HOComp uses MLLMs and attention mechanisms to achieve seamless human-object interactions with consistent appearances in image compositing.
While existing image-guided composition methods may help insert a foreground
object onto a user-specified region of a background image, achieving natural
blending inside the region with the rest of the image unchanged, we observe
that these existing methods often struggle in synthesizing seamless
interaction-aware compositions when the task involves human-object
interactions. In this paper, we first propose HOComp, a novel approach for
compositing a foreground object onto a human-centric background image, while
ensuring harmonious interactions between the foreground object and the
background person and their consistent appearances. Our approach includes two
key designs: (1) MLLMs-driven Region-based Pose Guidance (MRPG), which utilizes
MLLMs to identify the interaction region as well as the interaction type (e.g.,
holding and lefting) to provide coarse-to-fine constraints to the generated
pose for the interaction while incorporating human pose landmarks to track
action variations and enforcing fine-grained pose constraints; and (2)
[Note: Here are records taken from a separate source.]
text \<open>A walk visiting each vertex only finitely often eventually leaves every finite set for
  good.\<close>
lemma reach_le_walk:
  assumes walk: "\<And>j. (w j, w (Suc j)) \<in> G" and fibres: "\<And>x. finite {j. w j = x}"
    and "infinite I" "infinite J"
  shows "reach_le G (w ` I) (w ` J)"
  unfolding reach_le_iff_rtrancl
proof (intro allI impI)
  fix F :: "'a set" assume "finite F"
  then obtain N where N: "\<forall>j\<ge>N. w j \<notin> F"
    using finite_fibres_eventually_notin[OF fibres] by blast
  obtain m where m: "m \<in> I" "N \<le> m"
    using \<open>infinite I\<close> unfolding infinite_nat_iff_unbounded_le by blast
  obtain n where n: "n \<in> J" "m \<le> n"
    using \<open>infinite J\<close> unfolding infinite_nat_iff_unbounded_le by blast
  have "(w m, w n) \<in> (Restr G (- F))\<^sup>*"
    using m n N by (intro rtrancl_Restr_walk[where w=w, OF walk]) auto
  moreover have "w m \<in> w ` I - F" "w n \<in> w ` J - F" using m n N by auto
  ultimately show "\<exists>x\<in>w ` I - F. \<exists>y\<in>w ` J - F. (x, y) \<in> (Restr G (- F))\<^sup>*"
    by blast
qed

text \<open>Avoiding an initial segment of the ray forces the first path to enter it late, and then the
  second path to leave it even later; the piece of the ray in between joins them.\<close>
lemma reach_le_trans_ray:
  assumes ray: "is_ray G r" and XR: "reach_le G X (range r)" and RZ: "reach_le G (range r) Z"
  shows "reach_le G X Z"
  unfolding reach_le_iff_rtrancl
proof (intro allI impI)
  fix F :: "'a set" assume "finite F"
  have walk: "\<And>j. (r j, r (Suc j)) \<in> G" and "inj r" using ray by (simp_all add: is_ray_def)
  then obtain N where N: "\<forall>j\<ge>N. r j \<notin> F"
    using finite_fibres_eventually_notin[OF finite_fibres_if_inj \<open>finite F\<close>] by blast
  have mono: "(Restr G (- (F \<union> K)))\<^sup>* \<subseteq> (Restr G (- F))\<^sup>*" for K by (intro rtrancl_mono) blast
  have "finite (F \<union> r ` {..<N})" using \<open>finite F\<close> by simp
  then obtain x y where x: "x \<in> X" "x \<notin> F \<union> r ` {..<N}" and y: "y \<in> range r" "y \<notin> F \<union> r ` {..<N}"
    and xy: "(x, y) \<in> (Restr G (- (F \<union> r ` {..<N})))\<^sup>*"
    by (rule reach_le_rtranclE[OF XR])
  obtain n where n: "y = r n" "N \<le> n" using y by (metis Un_iff imageI lessThan_iff not_le rangeE)
  have "finite (F \<union> r ` {..<n})" using \<open>finite F\<close> by simp
  then obtain y' z where y': "y' \<in> range r" "y' \<notin> F \<union> r ` {..<n}" and z: "z \<in> Z" "z \<notin> F \<union> r ` {..<n}"
    and y'z: "(y', z) \<in> (Restr G (- (F \<union> r ` {..<n})))\<^sup>*"
    by (rule reach_le_rtranclE[OF RZ])
  obtain m where m: "y' = r m" "n \<le> m" using y' by (metis Un_iff imageI lessThan_iff not_le rangeE)
  have "(r n, r m) \<in> (Restr G (- F))\<^sup>*"
    using n m N by (intro rtrancl_Restr_walk[where w=r, OF walk]) auto
  moreover have "(x, r n) \<in> (Restr G (- F))\<^sup>*" "(r m, z) \<in> (Restr G (- F))\<^sup>*"
    using xy y'z mono n(1) m(1) by blast+
  ultimately have "(x, z) \<in> (Restr G (- F))\<^sup>*" by (meson rtrancl_trans)
  then show "\<exists>x\<in>X - F. \<exists>y\<in>Z - F. (x, y) \<in> (Restr G (- F))\<^sup>*" using x z by blast
qed

lemma is_antiray_iff_is_ray_converse: "is_antiray G r \<longleftrightarrow> is_ray (G\<inverse>) r"
  by (simp add: is_antiray_def is_ray_def)

lemma reach_le_trans:
  assumes "Y \<in> ray_sets G" "reach_le G X Y" "reach_le G Y Z"
  shows "reach_le G X Z"
proof -
  obtain r where Y: "Y = range r" and "is_ray G r \<or> is_ray (G\<inverse>) r"
    using assms(1) unfolding ray_sets_def is_antiray_iff_is_ray_converse by blast
  then consider "is_ray G r" | "is_ray (G\<inverse>) r" by blast
  then show ?thesis
  proof cases
    case 1
    then show ?thesis using reach_le_trans_ray assms(2,3) unfolding Y by blast
  next
    case 2
    have "reach_le (G\<inverse>) Z (range r)" "reach_le (G\<inverse>) (range r) X"
      using assms(2,3) unfolding Y reach_le_converse by simp_all
    with 2 have "reach_le (G\<inverse>) Z X" by (rule reach_le_trans_ray)
    then show ?thesis unfolding reach_le_converse .
  qed
qed

lemma infinite_if_in_ray_sets: "Y \<in> ray_sets G \<Longrightarrow> infinite Y"
  unfolding ray_sets_def is_ray_def is_antiray_def by (auto simp: range_inj_infinite)

section \<open>Rays extracted from walks\<close>

text \<open>Jumping from each vertex to its last visit and then one step on turns a walk with finite
  fibres into a ray.\<close>
lemma ray_in_walk:
  fixes w :: "nat \<Rightarrow> 'a"
  assumes walk: "\<And>j. (w j, w (Suc j)) \<in> G" and fibres: "\<And>x. finite {j. w j = x}"
  obtains i where "strict_mono i" "is_ray G (w \<circ> i)"
proof -
  define last_visit where "last_visit x = Max {j. w j = x}" for x
  have le_last_visit: "j \<le> last_visit (w j)" for j
    unfolding last_visit_def using fibres by (simp add: Max_ge)
  have w_last_visit: "w (last_visit (w j)) = w j" for j
    unfolding last_visit_def using fibres Max_in[of "{j'. w j' = w j}"] by auto
  define i where "i = rec_nat (last_visit (w 0)) (\<lambda>_ k. last_visit (w (Suc k)))"
  have i_0: "i 0 = last_visit (w 0)" and i_Suc: "i (Suc k) = last_visit (w (Suc (i k)))" for k
    by (simp_all add: i_def)
  have w_i_Suc: "w (i (Suc k)) = w (Suc (i k))" for k
    using w_last_visit by (simp add: i_Suc)
  have i_last_visit: "i k = last_visit (w (i k))" for k
    by (cases k) (simp_all add: i_0 i_Suc w_last_visit)
  have "i k < i (Suc k)" for k
    using le_last_visit[of "Suc (i k)"] by (simp add: i_Suc)
  then have mono: "strict_mono i" by (simp add: strict_mono_Suc_iff)
  have "w (i a) \<noteq> w (i b)" if "a < b" for a b
  proof
    assume "w (i a) = w (i b)"
    then have "i b \<le> i a" using le_last_visit[of "i b"] i_last_visit[of a] by simp
    with strict_monoD[OF mono that] show False by simp
  qed
  then have "inj (w \<circ> i)" by (intro linorder_injI) simp
  moreover have "((w \<circ> i) k, (w \<circ> i) (Suc k)) \<in> G" for k
    using walk by (simp add: w_i_Suc)
  ultimately show thesis using that mono unfolding is_ray_def by blast
qed

lemma ray_equivalent_to_walk:
  fixes w :: "nat \<Rightarrow> 'a"
  assumes walk: "\<And>j. (w j, w (Suc j)) \<in> G" and fibres: "\<And>x. finite {j. w j = x}"
    and "infinite I"
  shows "\<exists>r. is_ray G r \<and> reach_le G (w ` I) (range r) \<and> reach_le G (range r) (w ` I)"
proof -
  obtain i where "strict_mono i" "is_ray G (w \<circ> i)" by (rule ray_in_walk[OF walk fibres])
  moreover have "infinite (range i)"
    using \<open>strict_mono i\<close> by (simp add: range_inj_infinite strict_mono_imp_inj_on)
  moreover have "range (w \<circ> i) = w ` range i" by (rule image_comp[symmetric])
  ultimately show ?thesis
    using reach_le_walk[OF walk fibres \<open>infinite I\<close>] reach_le_walk[OF walk fibres _ \<open>infinite I\<close>]
    by auto
qed

text \<open>\<open>pos j\<close> is the position (block, index) of the \<open>j\<close>-th entry of the concatenation of
  blocks of lengths \<open>l 0, l 1, \<dots>\<close>.\<close>
lemma enumerate_blocks:
  fixes l :: "nat \<Rightarrow> nat"
  assumes pos_l: "\<And>n. 0 < l n"
  obtains pos :: "nat \<Rightarrow> nat \<times> nat"
  where "inj pos" "\<And>j. snd (pos j) < l (fst (pos j))"
    and "\<And>j. pos (Suc j) = (if Suc (snd (pos j)) < l (fst (pos j))
                            then (fst (pos j), Suc (snd (pos j))) else (Suc (fst (pos j)), 0))"
    and "\<And>n. \<exists>j. pos j = (n, 0)"
proof -
  define pos where "pos = rec_nat (0, 0) (\<lambda>_ (n, k). if Suc k < l n then (n, Suc k) else (Suc n, 0))"
  have pos_0: "pos 0 = (0, 0)" by (simp add: pos_def)
  have pos_Suc: "pos (Suc j) = (if Suc (snd (pos j)) < l (fst (pos j))
                   then (fst (pos j), Suc (snd (pos j))) else (Suc (fst (pos j)), 0))" for j
    by (simp add: pos_def split_beta)
  have in_block: "snd (pos j) < l (fst (pos j))" for j
    by (induction j) (simp_all add: pos_0 pos_l pos_Suc)
  have "(\<Sum>m<fst (pos j). l m) + snd (pos j) = j" for j
  proof (induction j)
    case (Suc j)
    then show ?case using in_block[of j] by (auto simp: pos_Suc)
  qed (simp add: pos_0)
  then have "inj pos" by (metis injI)
  moreover have "\<exists>j. pos j = (n, 0)" for n
  proof (induction n)
    case 0
    show ?case using pos_0 by blast
  next
    case (Suc n)
    then obtain j where j: "pos j = (n, 0)" by blast
    have run: "k < l n \<Longrightarrow> pos (j + k) = (n, k)" for k
      by (induction k) (simp_all add: j pos_Suc)
    have "pos (j + (l n - 1)) = (n, l n - 1)" by (rule run) (use pos_l[of n] in simp)
    then have "pos (Suc (j + (l n - 1))) = (Suc n, 0)"
      unfolding pos_Suc[of "j + (l n - 1)"] using pos_l[of n] by simp
    then show ?case by blast
  qed
  ultimately show thesis using that in_block pos_Suc by blast
qed

lemma walk_through_blocks:
  fixes L :: "nat \<Rightarrow> 'a list"
  assumes ne: "\<And>n. L n \<noteq> []"
    and chain: "\<And>n. successively (\<lambda>x y. (x, y) \<in> D) (L n @ [hd (L (Suc n))])"
    and fin: "\<And>x. finite {n. x \<in> set (L n)}"
  obtains w :: "nat \<Rightarrow> 'a" and I
  where "\<And>j. (w j, w (Suc j)) \<in> D" "\<And>x. finite {j. w j = x}" "w ` I = range (\<lambda>n. hd (L n))"
proof -
  obtain pos where "inj pos" and in_block: "\<And>j. snd (pos j) < length (L (fst (pos j)))"
    and pos_Suc: "\<And>j. pos (Suc j) = (if Suc (snd (pos j)) < length (L (fst (pos j)))
                   then (fst (pos j), Suc (snd (pos j))) else (Suc (fst (pos j)), 0))"
    and starts: "\<And>n. \<exists>j. pos j = (n, 0)"
    using enumerate_blocks[of "\<lambda>n. length (L n)"] ne by (metis length_greater_0_conv)
  define w where "w j = L (fst (pos j)) ! snd (pos j)" for j
  have "(w j, w (Suc j)) \<in> D" for j
  proof -
    obtain n k where nk: "pos j = (n, k)" by fastforce
    define M where "M = L n @ [hd (L (Suc n))]"
    have "k < length (L n)" using in_block[of j] nk by simp
    then have "(M ! k, M ! Suc k) \<in> D" using successively_nth[OF chain[of n], of k] unfolding M_def by simp
    moreover have "M ! k = w j" using \<open>k < length (L n)\<close> nk by (simp add: M_def w_def nth_append)
    moreover have "M ! Suc k = w (Suc j)"
      using \<open>k < length (L n)\<close> nk ne[of "Suc n"]
      by (auto simp: M_def w_def pos_Suc nth_append hd_conv_nth not_less_eq)
    ultimately show ?thesis by simp
  qed
  moreover have "finite {j. w j = x}" for x
  proof -
    have "{j. w j = x} \<subseteq> pos -` (SIGMA n:{n. x \<in> set (L n)}. {..<length (L n)})"
    proof
      fix j assume "j \<in> {j. w j = x}"
      then have "x \<in> set (L (fst (pos j)))" using in_block[of j] by (auto simp: w_def)
      then show "j \<in> pos -` (SIGMA n:{n. x \<in> set (L n)}. {..<length (L n)})"
        using in_block[of j] by (cases "pos j") auto
    qed
    moreover have "finite (SIGMA n:{n. x \<in> set (L n)}. {..<length (L n)})" using fin by blast
    ultimately show ?thesis using \<open>inj pos\<close> by (meson finite_subset finite_vimageI)
  qed
  moreover have "w ` {j. snd (pos j) = 0} = range (\<lambda>n. hd (L n))"
  proof -
    have "w j = hd (L (fst (pos j)))" if "snd (pos j) = 0" for j
      using that ne by (simp add: w_def hd_conv_nth)
    moreover have "hd (L n) \<in> w ` {j. snd (pos j) = 0}" for n
    proof -
      obtain j where "pos j = (n, 0)" using starts by blast
      then show ?thesis using ne[of n] by (intro image_eqI[of _ _ j]) (simp_all add: w_def hd_conv_nth)
    qed
    ultimately show ?thesis by auto
  qed
  ultimately show thesis using that by blast
qed

lemma ray_through_blocks:
  fixes L :: "nat \<Rightarrow> 'a list"
  assumes "\<And>n. L n \<noteq> []"
    and "\<And>n. successively (\<lambda>x y. (x, y) \<in> D) (L n @ [hd (L (Suc n))])"
    and "\<And>x. finite {n. x \<in> set (L n)}"
    and "inj (\<lambda>n. hd (L n))"
  shows "\<exists>r. is_ray D r \<and> reach_le D (range (\<lambda>n. hd (L n))) (range r)
              \<and> reach_le D (range r) (range (\<lambda>n. hd (L n)))"
proof -
  obtain w :: "nat \<Rightarrow> 'a" and I where walk: "\<And>j. (w j, w (Suc j)) \<in> D"
    and fibres: "\<And>x. finite {j. w j = x}" and I: "w ` I = range (\<lambda>n. hd (L n))"
    by (rule walk_through_blocks[OF assms(1-3)]) blast
  have "infinite (range (\<lambda>n. hd (L n)))" using assms(4) by (rule range_inj_infinite)
  then have "infinite I" using I by (metis finite_imageI)
  from ray_equivalent_to_walk[OF walk fibres this] show ?thesis unfolding I .
qed

section \<open>Changing the generating set\<close>

primrec word_walk :: "'a::semigroup_mult \<Rightarrow> 'a list \<Rightarrow> 'a list" where
  "word_walk v [] = [v]"
| "word_walk v (b # bs) = v # word_walk (v * b) bs"

lemma word_walk_not_Nil [simp]: "word_walk v ws \<noteq> []"
  by (cases ws) simp_all

lemma hd_word_walk [simp]: "hd (word_walk v ws) = v"
  by (cases ws) simp_all

lemma last_word_walk [simp]: "last (word_walk v ws) = foldl (*) v ws"
  by (induction ws arbitrary: v) simp_all

lemma successively_word_walk:
  "set ws \<subseteq> B \<Longrightarrow> successively (\<lambda>x y. (x, y) \<in> cayley_r B) (word_walk v ws)"
  by (induction ws arbitrary: v) (auto simp: successively_Cons cayley_r_def)

lemma word_walk_reaches_end:
  "x \<in> set (word_walk v ws) \<Longrightarrow> \<exists>s. suffix s ws \<and> foldl (*) x s = foldl (*) v ws"
  by (induction ws arbitrary: v) (auto intro: suffix_ConsI)

lemma sgen_word:
  "x \<in> sgen B \<Longrightarrow> \<exists>ws. ws \<noteq> [] \<and> set ws \<subseteq> B \<and> (\<forall>v. foldl (*) v ws = v * x)"
proof (induction rule: sgen.induct)
  case (base a)
  show ?case by (intro exI[of _ "[a]"]) (simp add: base)
next
  case (mult x y)
  then obtain xs ys where "xs \<noteq> []" "set xs \<subseteq> B" "\<forall>v. foldl (*) v xs = v * x"
    "set ys \<subseteq> B" "\<forall>v. foldl (*) v ys = v * y" by blast
  then show ?case by (intro exI[of _ "xs @ ys"]) (simp add: mult.assoc)
qed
Detail-Consistent Appearance Preservation (DCAP), which unifies a shape-aware
attention modulation mechanism, a multi-view appearance loss, and a background
consistency loss to ensure consistent shapes/textures of the foreground and
faithful reproduction of the background human. We then propose the first
dataset, named Interaction-aware Human-Object Composition (IHOC), for the task.
Experimental results on our dataset show that HOComp effectively generates
harmonious human-object interactions with consistent appearances, and
outperforms relevant methods qualitatively and quantitatively.